As explained earlier, one key feature of Haar basis is that it encodes information in a *hierarchical* way. So it would be natural to use it either for compression or for transmitting a signal with a high error probability. We first consider compression. The way to do so is by sorting coefficients in decreasing order of magnitude, and keeping only these coefficients as our signal. Putting everything else to 0 gives the last plot below. We can see that almost all information is encoded in the first half of the signal.

In [None]:
# Sort the Haar coefficients in decreasing order of magnitude and keep only the top k coefficients
k = int(N/2)

idx = np.argsort(np.abs(c))[::-1][:k]
c_compress = np.zeros_like(c)
c_compress[idx] = c[idx]

In [None]:
# Plot the original signal and the compressed signal
plt.figure(figsize=(10, 8))
plt.subplot(3, 1, 1)
plt.plot(t, x)
plt.title('Original signal')
plt.xlabel('Time (s)')
plt.ylabel('Amplitude')
plt.subplot(3, 1, 2)
plt.plot(t, c)
plt.title('Signal in Haar Basis')
plt.xlabel('Time (s)')
plt.ylabel('Amplitude')
plt.subplot(3, 1, 3)
plt.plot(t, c_compress)
plt.title('Compressed signal in Haar Basis')
plt.xlabel('Time (s)')
plt.ylabel('Amplitude')
plt.tight_layout()
plt.show()

Now imagine that we want to decompress the signal. We take the compressed signal and apply the formula $\hat s = H^{T}\hat c $. This gives the "decompressed" signal $\hat s$ which is almost correctly reconstructed.
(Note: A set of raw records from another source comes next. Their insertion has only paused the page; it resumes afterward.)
lemma sum_square_split_last:
  fixes f :: "nat \<Rightarrow> nat \<Rightarrow> 'a::comm_semiring_1"
  assumes "\<And>j q. f j q = f q j"
  shows "(\<Sum>j=1..Suc m. \<Sum>q=1..Suc m. f j q) =
    (\<Sum>j=1..m. \<Sum>q=1..m. f j q) + 2 * (\<Sum>j=1..m. f j (Suc m)) + f (Suc m) (Suc m)"
proof -
  have "{1..Suc m} = insert (Suc m) {1..m}" by auto
  then have "(\<Sum>j=1..Suc m. \<Sum>q=1..Suc m. f j q) = (\<Sum>j=1..m. \<Sum>q=1..m. f j q)
      + (\<Sum>q=1..m. f (Suc m) q) + (\<Sum>j=1..m. f j (Suc m)) + f (Suc m) (Suc m)"
    by (simp add: sum.distrib add_ac)
  moreover have "(\<Sum>q=1..m. f (Suc m) q) = (\<Sum>j=1..m. f j (Suc m))"
    by (subst assms) (rule refl)
  ultimately show ?thesis by (simp add: mult_2 add_ac)
qed

lemma sum_square_symmetric:
  fixes f :: "nat \<Rightarrow> nat \<Rightarrow> 'a::comm_semiring_1"
  assumes "\<And>j q. f j q = f q j"
  shows "(\<Sum>j=1..m. \<Sum>q=1..m. f j q) = (\<Sum>j=1..m. f j j) + 2 * (\<Sum>j=1..m. \<Sum>q=j+1..m. f j q)"
proof (induction m)
  case (Suc m)
  have "(\<Sum>j=1..Suc m. \<Sum>q=j+1..Suc m. f j q) = (\<Sum>j=1..m. (\<Sum>q=j+1..m. f j q) + f j (Suc m))"
    by (auto intro!: sum.cong)
  then have upper: "(\<Sum>j=1..Suc m. \<Sum>q=j+1..Suc m. f j q) =
      (\<Sum>j=1..m. \<Sum>q=j+1..m. f j q) + (\<Sum>j=1..m. f j (Suc m))"
    by (simp add: sum.distrib)
  show ?case
    unfolding sum_square_split_last[OF assms] Suc.IH upper by (simp add: distrib_left add_ac)
qed simp

lemma sum_rel_cov_apr_path:
  assumes "0 < p" "p \<le> 1"
  shows "(\<Sum>j=1..m. \<Sum>q=1..m. (-1) ^ (j + q) * y j * y q * rel_cov (apr_path p m) (j - 1) (q - 1)) =
    1 / p * (\<Sum>j=1..m. (y j)\<^sup>2) + 2 * (\<Sum>j=1..m. \<Sum>q=j+1..m. p ^ (q - j - 1) * y j * y q)"
proof -
  let ?f = "\<lambda>j q. (-1) ^ (j + q) * y j * y q * rel_cov (apr_path p m) (j - 1) (q - 1)"
  have diagonal: "?f j j = 1 / p * (y j)\<^sup>2" if "j \<in> {1..m}" for j
  proof -
    have "j - 1 < m" using that by auto
    then show ?thesis using assms rel_cov_apr_path[of p "j - 1" "j - 1" m] by (simp add: power2_eq_square)
  qed
  have upper: "?f j q = p ^ (q - j - 1) * y j * y q" if "j \<in> {1..m}" "q \<in> {j+1..m}" for j q
  proof -
    have "j < q" "j - 1 \<le> q - 1" "q - 1 < m" "q - 1 - (j - 1) = q - j" using that by auto
    then have "?f j q = ((-1) ^ (j + q) * ((-p) ^ (q - j) / p)) * (y j * y q)"
      using assms rel_cov_apr_path[of p "j - 1" "q - 1" m] by (simp add: mult_ac)
    also have "(-1) ^ (j + q) * ((-p) ^ (q - j) / p) = p ^ (q - j) / p"
      using \<open>j < q\<close> by (simp add: minus_one_power_iff flip: power_mult_distrib)
    also have "\<dots> = p ^ (q - j - 1)"
      using \<open>j < q\<close> assms by (simp add: power_diff)
    finally show ?thesis by (simp add: mult_ac)
  qed
  have "(\<Sum>j=1..m. \<Sum>q=1..m. ?f j q) = (\<Sum>j=1..m. ?f j j) + 2 * (\<Sum>j=1..m. \<Sum>q=j+1..m. ?f j q)"
    by (rule sum_square_symmetric) (simp add: rel_cov_commute add.commute mult.commute mult.left_commute)
  also have "\<dots> = (\<Sum>j=1..m. 1 / p * (y j)\<^sup>2)
      + 2 * (\<Sum>j=1..m. \<Sum>q=j+1..m. p ^ (q - j - 1) * y j * y q)"
    using diagonal upper by (intro arg_cong2[where f = "(+)"] arg_cong[where f = "(*) 2"] sum.cong) simp_all
  finally show ?thesis by (simp add: sum_distrib_left)
qed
**Task 7**: Compute the inverse Haar transform of the top k coefficients to obtain the decompressed signal.

In [None]:
# Reconstruct the original signal from the compressed signal and the Haar basis
c_reconstruct = np.zeros_like(c)
c_reconstruct[idx] = c_compress[idx]

x_decompressed = ... #Your code

# Plot the original signal, the compressed signal, and the reconstructed signal
plt.figure(figsize=(10, 6))
plt.subplot(3, 1, 1)
plt.plot(t, x)
plt.title('Original signal')
plt.xlabel('Time (s)')
plt.ylabel('Amplitude')
plt.subplot(3, 1, 2)
plt.plot(t, c_compress)
plt.title('Compressed signal in Haar Basis')
plt.xlabel('Time (s)')
plt.ylabel('Amplitude')
plt.subplot(3, 1, 3)
plt.plot(t, x_decompressed)
plt.title('Reconstructed signal')
plt.xlabel('Time (s)')
plt.ylabel('Amplitude')
plt.tight_layout()
plt.show()

You can play witht the value of `k` to see at which point compression factor starts to affect decompression! 

Try to redo these examples by uncommenting the sinusoid function (and commenting the box function). This gives a nice graphical intuition on how hierarchical the information is encoded!